===== Material supplied =====

(* Let $q=2^t$. The space $\ker\pi_{P_1}\cap C(P,L_1)$ has dimension $q-1$. More precisely, fix a line $\ell\neq\ell_0$ through $p_0$; then the $q-1$ functions $\chi_\ell-\chi_{\ell'}$, where $\ell'$ ranges over the lines through $p_0$ different from $\ell_0$ and $\ell$, form a basis of $\ker\pi_{P_1}\cap C(P,L_1)$.
   Context: Let $q$ be a prime power and $V$ a $4$-dimensional vector space over $\mathbb{F}_q$ with a nonsingular alternating bilinear form and symplectic basis $e_0,e_1,e_2,e_3$ with $(e_0,e_3)=(e_1,e_2)=1$. $P$ is the set of $1$-dimensional subspaces of $V$ (points), $L$ the set of totally isotropic $2$-dimensional subspaces (lines). $p_0=\langle e_0\rangle$, $\ell_0=\langle e_0,e_1\rangle$; $P_1$ is the set of points $(a:b:c:d)$ with $d\ne0$; $L_1$ is the set of lines sharing no point with $\ell_0$. $\mathbb{F}_2[P]$ is the space of functions $P\to\mathbb{F}_2$, $\chi_\ell$ is the characteristic function of the point set of a line $\ell$, and $C(P,L_1)$ is the $\mathbb{F}_2$-span of $\{\chi_\ell:\ell\in L_1\}$. $\pi_{P_1}:\mathbb{F}_2[P]\to\mathbb{F}_2[P_1]$ is restriction of functions to $P_1$. *)

theory Defs
  imports "HOL-Analysis.Analysis" "HOL-Library.Z2" "HOL-Library.Function_Algebras"
begin

text \<open>The symplectic space V = F_q^4; the basis vectors e0,e1,e2,e3 are the
  coordinate vectors axis 1 1, axis 2 1, axis 3 1, axis 4 1.\<close>

definition symp :: "'a::field ^ 4 \<Rightarrow> 'a ^ 4 \<Rightarrow> 'a" where
  "symp x y = x$1 * y$4 - x$4 * y$1 + x$2 * y$3 - x$3 * y$2"

definition gq_points :: "('a::field ^ 4) set set" where
  "gq_points = {S. vec.subspace S \<and> vec.dim S = 1}"

definition gq_lines :: "('a::field ^ 4) set set" where
  "gq_lines = {S. vec.subspace S \<and> vec.dim S = 2 \<and> (\<forall>x\<in>S. \<forall>y\<in>S. symp x y = 0)}"

definition p0 :: "('a::field ^ 4) set" where
  "p0 = vec.span {axis 1 1}"

definition l0 :: "('a::field ^ 4) set" where
  "l0 = vec.span {axis 1 1, axis 2 1}"

definition P1 :: "('a::field ^ 4) set set" where
  "P1 = {p \<in> gq_points. \<exists>v\<in>p. v$4 \<noteq> 0}"

definition L1 :: "('a::field ^ 4) set set" where
  "L1 = {l \<in> gq_lines. \<not> (\<exists>p\<in>gq_points. p \<subseteq> l \<and> p \<subseteq> l0)}"

definition chi :: "('a::field ^ 4) set \<Rightarrow> ('a ^ 4) set \<Rightarrow> bit" where
  "chi l = (\<lambda>p. if p \<in> gq_points \<and> p \<subseteq> l then 1 else 0)"

definition fscale :: "bit \<Rightarrow> ('b \<Rightarrow> bit) \<Rightarrow> ('b \<Rightarrow> bit)" where
  "fscale c f = (\<lambda>x. c * f x)"

interpretation F2fun: vector_space "fscale :: bit \<Rightarrow> ('b \<Rightarrow> bit) \<Rightarrow> ('b \<Rightarrow> bit)"
  by unfold_locales (simp_all only: fscale_def plus_fun_def fun_eq_iff distrib_left distrib_right mult.assoc mult_1 simp_thms)

definition CPL1 :: "(('a::field ^ 4) set \<Rightarrow> bit) set" where
  "CPL1 = F2fun.span (chi ` L1)"

definition ker_piP1 :: "(('a::field ^ 4) set \<Rightarrow> bit) set" where
  "ker_piP1 = {f. \<forall>p\<in>P1. f p = 0}"

end

theory Submission
  imports Defs
begin

(* Every point is pt v = <v> with v \<noteq> 0; the lines through p0 other
   than l0 are the lines  M b = <e0, (0,b,1,0)>  (b \<in> F_q), and the lines of L1 are exactly the
   lines  L a b x = <(a,b,1,0), (x,a,0,1)>.

   Upper bound.  Two families of F_2-linear functionals ("parity checks"), sums of f over
   suitable point sets, vanish on chi_m for every m \<in> L1 (the second one because q is even),
   hence on C(P,L1).  For f in ker(pi_P1) \<inter> C(P,L1), which also vanishes on the points of l0,
   the first check shows that f is constant on the points (a:b:1:0) of each M b, and the
   second that f equals 1 on an even number H of the lines M b; so f = sum_{b \<in> H} chi_{M b}.

   Lower bound.  In characteristic 2, chi_{M b1} + chi_{M b2} is an explicit sum of 2q
   characteristic functions of L1-lines, and it vanishes on P1.

   With l = M c, the q - 1 functions chi_{M c} + chi_{M b} (b \<noteq> c) therefore span the space
   (an even sum of chi_{M b} regroups into such pairs) and are independent (evaluate at the
   points (0:b:1:0)); the theorem follows. *)


text \<open>In a finite ring the number of elements is zero: translating by 1 permutes the ring.\<close>
lemma of_nat_CARD_eq_0: "of_nat CARD('a::{ring_1,finite}) = (0::'a)"
proof -
  have "(\<Sum>x\<in>UNIV. x + 1) = (\<Sum>x\<in>(UNIV::'a set). x)"
    by (rule sum.reindex_bij_witness[of _ "\<lambda>x. x - 1" "\<lambda>x. x + 1"]) auto
  thus ?thesis by (simp add: sum.distrib)
qed

lemma field_card_power_of_two:
  assumes "CARD('a::{field,finite}) = 2 ^ t"
  shows "(2::'a) = 0" "even CARD('a)"
proof -
  have two_pow: "(2::'a) ^ t = 0"
    using of_nat_CARD_eq_0[where 'a='a] assms by simp
  thus "(2::'a) = 0" by simp
  have "t > 0" using two_pow by (cases t) auto
  thus "even CARD('a)" using assms by simp
qed

lemma sum_apply: "(\<Sum>i\<in>A. f i) x = (\<Sum>i\<in>A. f i x)"
  by (induct A rule: infinite_finite_induct) auto

lemma of_nat_bit: "(of_nat n :: bit) = of_bool (odd n)"
  by (induct n) auto

lemma bit_eq_of_bool: "(x::bit) = of_bool (x = 1)"
  by (cases x) auto

lemma bit_add_eq_0: "(a::bit) + b = 0 \<longleftrightarrow> a = b"
  by (cases a; cases b) auto

lemma fun_minus_bit: "(g::'x \<Rightarrow> bit) - h = g + h"
  by (rule ext) (simp add: plus_fun_def)

lemma sum_of_bool_unique:
  assumes "\<And>s. P s \<longleftrightarrow> s = c \<and> Q"
  shows "(\<Sum>s\<in>(UNIV::'a::finite set). of_bool (P s) :: bit) = of_bool Q"
proof -
  have "(\<Sum>s\<in>(UNIV::'a set). of_bool (P s) :: bit) = (\<Sum>s\<in>UNIV. if s = c then of_bool Q else 0)"
    using assms by (intro sum.cong) auto
  thus ?thesis by simp
qed

lemma sum_of_bool_graph:
  "(\<Sum>b\<in>(UNIV::'b::finite set). \<Sum>c\<in>(UNIV::'c::finite set). of_bool (b = g c \<and> Q c) :: bit)
     = (\<Sum>c\<in>UNIV. of_bool (Q c))"
  by (subst sum.swap, rule sum.cong[OF refl], rule sum_of_bool_unique) auto

lemma count_linear_roots:
  assumes ev: "even CARD('a::{field,finite})"
  shows "(\<Sum>c\<in>(UNIV::'a set). of_bool (c*a + x = 0) :: bit) = of_bool (a \<noteq> 0)"
proof (cases "a = 0")
  case True
  thus ?thesis using ev by (simp add: of_nat_bit)
next
  case False
  have "c*a + x = 0 \<longleftrightarrow> c = (-x)/a \<and> True" for c
    using False by (auto simp: eq_divide_eq add_eq_0_iff)
  thus ?thesis using sum_of_bool_unique[of "\<lambda>c. c*a + x = 0" "(-x)/a" True] False by simp
qed

lemma span_functional_vanishes:
  assumes "f \<in> F2fun.span A" "\<And>g. g \<in> A \<Longrightarrow> \<phi> g = (0::bit)" "\<phi> 0 = 0"
    "\<And>g h. \<phi> (g + h) = \<phi> g + \<phi> h"
  shows "\<phi> f = 0"
proof -
  have "F2fun.subspace {f. \<phi> f = 0}"
  proof (rule F2fun.subspaceI)
    show "0 \<in> {f. \<phi> f = 0}" using assms(3) by simp
    show "x + y \<in> {f. \<phi> f = 0}" if "x \<in> {f. \<phi> f = 0}" "y \<in> {f. \<phi> f = 0}" for x y
      using that assms(4) by simp
    show "fscale c x \<in> {f. \<phi> f = 0}" if "x \<in> {f. \<phi> f = 0}" for c x
    proof (cases "c = 0")
      case True
      hence "fscale c x = 0" by (simp add: fscale_def fun_eq_iff)
      thus ?thesis using assms(3) by (simp only: mem_Collect_eq)
    next
      case False
      hence "fscale c x = x" by (simp add: fscale_def fun_eq_iff)
      thus ?thesis using that by simp
    qed
  qed
  thus ?thesis using F2fun.span_induct[OF assms(1), of "\<lambda>f. \<phi> f = 0"] assms(2) by blast
qed

lemma independent_by_evaluation:
  fixes g :: "'i \<Rightarrow> 'x \<Rightarrow> bit" and w :: "'i \<Rightarrow> 'x"
  assumes dual: "\<And>i j. i \<in> I \<Longrightarrow> j \<in> I \<Longrightarrow> g j (w i) = of_bool (i = j)"
  shows "F2fun.independent (g ` I)"
  unfolding F2fun.independent_explicit_finite_subsets
proof (intro allI impI ballI)
  fix S u v assume S: "S \<subseteq> g ` I" "finite S" and sum0: "(\<Sum>h\<in>S. fscale (u h) h) = 0"
    and vS: "v \<in> S"
  obtain i where i: "i \<in> I" "v = g i" using vS S(1) by blast
  have eval: "h (w i) = of_bool (h = v)" if hS: "h \<in> S" for h
  proof -
    obtain j where j: "j \<in> I" "h = g j" using hS S(1) by blast
    have "g i (w i) = 1" using dual[OF i(1) i(1)] by simp
    hence "h = v \<longleftrightarrow> i = j" using dual[OF i(1) j(1)] i(2) j(2) by (metis of_bool_eq(1) zero_neq_one)
    thus ?thesis using dual[OF i(1) j(1)] j(2) by simp
  qed
  have "0 = (\<Sum>h\<in>S. fscale (u h) h) (w i)" using sum0 by simp
  also have "\<dots> = (\<Sum>h\<in>S. if h = v then u h else 0)"
    unfolding sum_apply fscale_def by (rule sum.cong) (simp_all add: eval)
  also have "\<dots> = u v" using S(2) vS by simp
  finally show "u v = 0" by simp
qed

=====

- Description of the task
Your output should consist only of the lines from the one containing "unfolding sum_apply fscale_def" to the end of the records above, each retyped exactly.

- Expected answer
    unfolding sum_apply fscale_def by (rule sum.cong) (simp_all add: eval)
  also have "\<dots> = u v" using S(2) vS by simp
  finally show "u v = 0" by simp
qed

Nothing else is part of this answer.